SEC Amends Rules on Advisory Performance Fee Charges
On February 15, 2012, the U.S. Securities and Exchange Commission adopted amendments to Rule 205-3 of the Investment Advisers Act of 1940 consisting of: (i) changes to the dollar amount thresholds which determine whether an individual or company is a “qualified client;” (ii) changes to the net worth test in the definition of “qualified client;” (iii) inclusion of two transition, or “grandfather,” provisions which permit investment advisers and clients to continue operating under advisory contracts entered into before adoption of these amendments.
The identification of investors as “qualified clients” is necessary to determine whether it is permissible to pay the investment adviser performance fees or other incentive compensation. All investors in funds that pay such compensation must be “qualified clients.”
“Qualified client” dollar amount thresholds increased.
Under the amended rule, Rule 205-3(d) now provides that the assets-under-management threshold is $1 million (up from $750,000), and the net worth threshold is $2 million (up from $1 million). Thus, a client, “immediately after entering into the contract,” must now have $1 million “under the management of the investment adviser.” Alternatively, the investment adviser entering into the contract must reasonably believe that the client has a net worth of more than $2 million (exclusive of primary residence).
Additionally, the amended rule provides that the SEC “will issue an order every five years adjusting for inflation” these thresholds as required. Lastly, the Personal Consumption Expenditures Chain-Type Price Index is designated as the index on which future adjustments are to be made.
Value of primary residence excluded from determining net worth.
The net worth test contained in the definition of “qualified client” under Rule 205-3 will now exclude “the value of a person’s primary residence and the debt secured by the residence, up to the fair market value of the residence, from the calculation of a person’s net worth.” The SEC adopted this change, because it believes that the value of a person’s residence is ultimately of little relevance in judging the person’s “financial experience and ability to bear the risks of performance fee arrangements, and therefore [of] little relevance to the individual’s need for the Act’s protections from performance fee arrangements.”
The amendment will also require that any “increase in the amount of debt secured by the primary residence” be included as a liability if such increases occurred within 60 days leading up to entry into the advisory contract, even if the primary residence’s estimated value “exceeds the aggregate amount of debt secured” by the residence. Therefore, investors will have to identify any increase in mortgage debt during the 60-day period and “count that debt as a liability in calculating net worth.”
Designed to “minimize the disruption of existing contractual relationships” that met the rule’s requirements at the time that the parties entered into them, the amendments include two transition provisions which allow parties to continue operation under existing contracts even if those contracts would not be permissible under the amended rule.

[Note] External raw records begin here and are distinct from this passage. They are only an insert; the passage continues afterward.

lemma fibre_regularization:
  fixes F :: "'a::euclidean_space \<times> real \<Rightarrow> real"
  assumes [measurable]: "F \<in> borel_measurable (lborel \<Otimes>\<^sub>M lborel)" and \<eta>: "0 < \<eta>"
    and finite: "AE x in lborel. fibre_integral \<eta> F x \<noteq> \<infinity>"
  obtains F1 \<phi> where "F1 \<in> borel_measurable (lborel \<Otimes>\<^sub>M lborel)" "\<phi> \<in> borel_measurable lborel"
    "\<And>z. 0 \<le> F1 z" "\<And>x. 0 \<le> \<phi> x"
    "\<And>x. (\<integral>\<^sup>+s. ennreal (F1 (x, s) powr \<eta>) \<partial>lborel) = ennreal (\<phi> x powr \<eta>)"
    "\<And>x s. 0 < F1 (x, s) \<Longrightarrow> 0 < \<phi> x"
    "\<And>x. ennreal (\<phi> x powr \<eta>) \<le> fibre_integral \<eta> F x"
    "AE z in lborel. F1 z = indicator {0<..} (snd z) * \<bar>F z\<bar>"
proof -
  \<comment> \<open>discard the null set of fibres whose norm is infinite, and the fibres of norm zero\<close>
  define good where "good x \<longleftrightarrow> 0 < fibre_integral \<eta> F x \<and> fibre_integral \<eta> F x < \<infinity>" for x
  define F1 where "F1 z = (if good (fst z) \<and> 0 < snd z then \<bar>F z\<bar> else 0)" for z
  define \<phi> where "\<phi> x = (if good x then enn2real (fibre_integral \<eta> F x) powr (1/\<eta>) else 0)" for x
  have [measurable]: "Measurable.pred lborel good"
    unfolding good_def by measurable
  have F1_measurable[measurable]: "F1 \<in> borel_measurable (lborel \<Otimes>\<^sub>M lborel)"
    unfolding F1_def by measurable
  have \<phi>_powr: "\<phi> x powr \<eta> = enn2real (fibre_integral \<eta> F x)" if "good x" for x
    using that \<eta> by (simp add: \<phi>_def powr_powr)
  have fibre: "(\<integral>\<^sup>+s. ennreal (F1 (x, s) powr \<eta>) \<partial>lborel) = ennreal (\<phi> x powr \<eta>)" for x
  proof (cases "good x")
    case True
    then have "(\<integral>\<^sup>+s. ennreal (F1 (x, s) powr \<eta>) \<partial>lborel) = fibre_integral \<eta> F x"
      unfolding fibre_integral_def by (intro nn_integral_cong) (simp add: F1_def indicator_def)
    then show ?thesis
      using True by (simp add: \<phi>_powr good_def less_top)
  qed (simp add: F1_def \<phi>_def)
  have "ennreal (\<phi> x powr \<eta>) \<le> fibre_integral \<eta> F x" for x
  proof (cases "good x")
    case True
    then show ?thesis
      by (simp add: \<phi>_powr) (simp add: good_def ennreal_enn2real_if)
  qed (simp add: \<phi>_def)
  moreover have "0 < \<phi> x" if "0 < F1 (x, s)" for x s
    using that by (auto simp: F1_def \<phi>_def good_def enn2real_eq_0_iff split: if_splits)
  moreover have "AE z in lborel. F1 z = indicator {0<..} (snd z) * \<bar>F z\<bar>"
  proof -
    have fibrewise: "AE x in lborel. AE s in lborel. F1 (x, s) = indicator {0<..} s * \<bar>F (x, s)\<bar>"
      using finite
    proof eventually_elim
      case (elim x)
      show ?case
      proof (cases "fibre_integral \<eta> F x = 0")
        case True
        then have "AE s in lborel. indicator {0<..} s * ennreal (\<bar>F (x, s)\<bar> powr \<eta>) = 0"
          unfolding fibre_integral_def by (subst (asm) nn_integral_0_iff_AE) auto
        then show ?thesis
          by eventually_elim (use True in \<open>auto simp: F1_def good_def indicator_def\<close>)
      qed (use elim in \<open>auto simp: F1_def good_def indicator_def zero_less_iff_neq_zero less_top\<close>)
    qed
    have "AE z in lborel \<Otimes>\<^sub>M lborel. F1 z = indicator {0<..} (snd z) * \<bar>F z\<bar>"
      by (rule lborel_pair.AE_pair_measure) (measurable, use fibrewise in simp)
    then show ?thesis
      by (metis lborel_prod)
  qed
  ultimately show thesis
    using F1_measurable fibre by (intro that) (auto simp: F1_def \<phi>_def)
qed

lemma mixnorm_le_of_fibre_bound:
  assumes p: "0 < p" and q: "0 < q" and bound: "\<And>x. fibre_integral q H x \<le> epow (Q x) q"
  shows "mixnorm p q H \<le> epow (\<integral>\<^sup>+x. epow (Q x) p \<partial>lborel) (1/p)"
proof -
  have "epow (fibre_integral q H x) (p/q) \<le> epow (epow (Q x) q) (p/q)" for x
    using p q by (intro epow_mono bound) auto
  also have "epow (epow (Q x) q) (p/q) = epow (Q x) p" for x
    using q by (simp add: epow_epow)
  finally show ?thesis
    unfolding mixnorm_eq_fibre_integral using p by (intro epow_mono nn_integral_mono) auto
qed

lemma AE_finite_of_fibre_bound:
  fixes G :: "'a::euclidean_space \<times> real \<Rightarrow> ennreal"
  assumes [measurable]: "G \<in> borel_measurable (lborel \<Otimes>\<^sub>M lborel)" "Q \<in> borel_measurable lborel"
    and bound: "\<And>x. (\<integral>\<^sup>+t. epow (G (x, t)) q \<partial>lborel) \<le> epow (Q x) q"
    and finite: "(\<integral>\<^sup>+x. epow (Q x) p \<partial>lborel) < \<infinity>"
  shows "AE y in lborel. G y \<noteq> \<infinity>"
proof -
  have "AE x in lborel. epow (Q x) p \<noteq> \<infinity>"
    using finite by (intro nn_integral_PInf_AE) auto
  then have "AE x in lborel. AE t in lborel. G (x, t) \<noteq> \<infinity>"
  proof eventually_elim
    case (elim x)
    then have "(\<integral>\<^sup>+t. epow (G (x, t)) q \<partial>lborel) \<noteq> \<infinity>"
      using bound[of x] by (auto simp: epow_eq_top_iff top_unique)
    then have "AE t in lborel. epow (G (x, t)) q \<noteq> \<infinity>"
      by (intro nn_integral_PInf_AE) measurable
    then show ?case
      by (simp add: epow_eq_top_iff)
  qed
  then have "AE y in lborel \<Otimes>\<^sub>M lborel. G y \<noteq> \<infinity>"
    by (rule lborel_pair.AE_pair_measure[rotated]) measurable
  then show ?thesis
    by (metis lborel_prod)
qed

definition G_majorant :: "real \<Rightarrow> ((real^'m::finite) \<times> real \<Rightarrow> real) \<Rightarrow> (real^'m) \<times> real \<Rightarrow> ennreal" where
  "G_majorant \<beta> F y = (\<integral>\<^sup>+z. ennreal (norm (indicator (upper_half TYPE('m)) z *\<^sub>R
      (F z / dist y z powr (real (CARD('m) + 1) - \<beta>)))) \<partial>lborel)"

lemma norm_G_op_integrand:
  fixes F :: "(real^'m::finite) \<times> real \<Rightarrow> real"
  shows "norm (indicator (upper_half TYPE('m)) z *\<^sub>R (F z / dist y z powr (real (CARD('m) + 1) - \<beta>)))
     = indicator {0<..} (snd z) * \<bar>F z\<bar> * dist y z powr (-(real (CARD('m) + 1) - \<beta>))"
proof -
  have "norm (indicator (upper_half TYPE('m)) z *\<^sub>R (F z / dist y z powr (real (CARD('m) + 1) - \<beta>)))
      = indicator {0<..} (snd z) * (\<bar>F z\<bar> * inverse (dist y z powr (real (CARD('m) + 1) - \<beta>)))"
    by (simp only: norm_scaleR real_norm_def divide_inverse abs_mult abs_inverse)
       (simp add: upper_half_def indicator_def abs_mult)
  moreover have "inverse (dist y z powr (real (CARD('m) + 1) - \<beta>)) = dist y z powr (-(real (CARD('m) + 1) - \<beta>))"
    by (rule powr_minus[symmetric])
  ultimately show ?thesis
    by (simp only: mult.assoc)
qed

Under amended Rule 205-3(c)(1), a registered investment adviser who “entered into a contract and satisfied the conditions of the rule which were in effect when the contract was entered into,” will be “considered to satisfy” the rule’s conditions; however, if a person or company not previously a party to the contract then becomes a party, the conditions of the rule in effect at the time it becomes a party will apply to that person or company.
Under amended Rule 205-3(c)(2), if “a registered investment adviser previously was not required to register with the [SEC] pursuant to §203 of the Act and did not register,” then §205(a)(1) of the Act “will not apply to the contractual arrangements into which the registered adviser entered when it was not registered with the [SEC].”
Although the dollar amount threshold changes became effective September 19, 2011, the amendments adopted on February 15, 2012, codify those changes. The net worth calculation amendment goes into effect on May 22, 2012. Moreover, advisers may rely on the amended grandfather provisions ahead of their effective date of May 22, 2012.
Fund Manager Action Items
Fund managers should:
1. Amend their subscription applications and investor questionnaires to reflect the law changes.
2. Change their due diligence and compliance procedures to confirm compliance with the rule.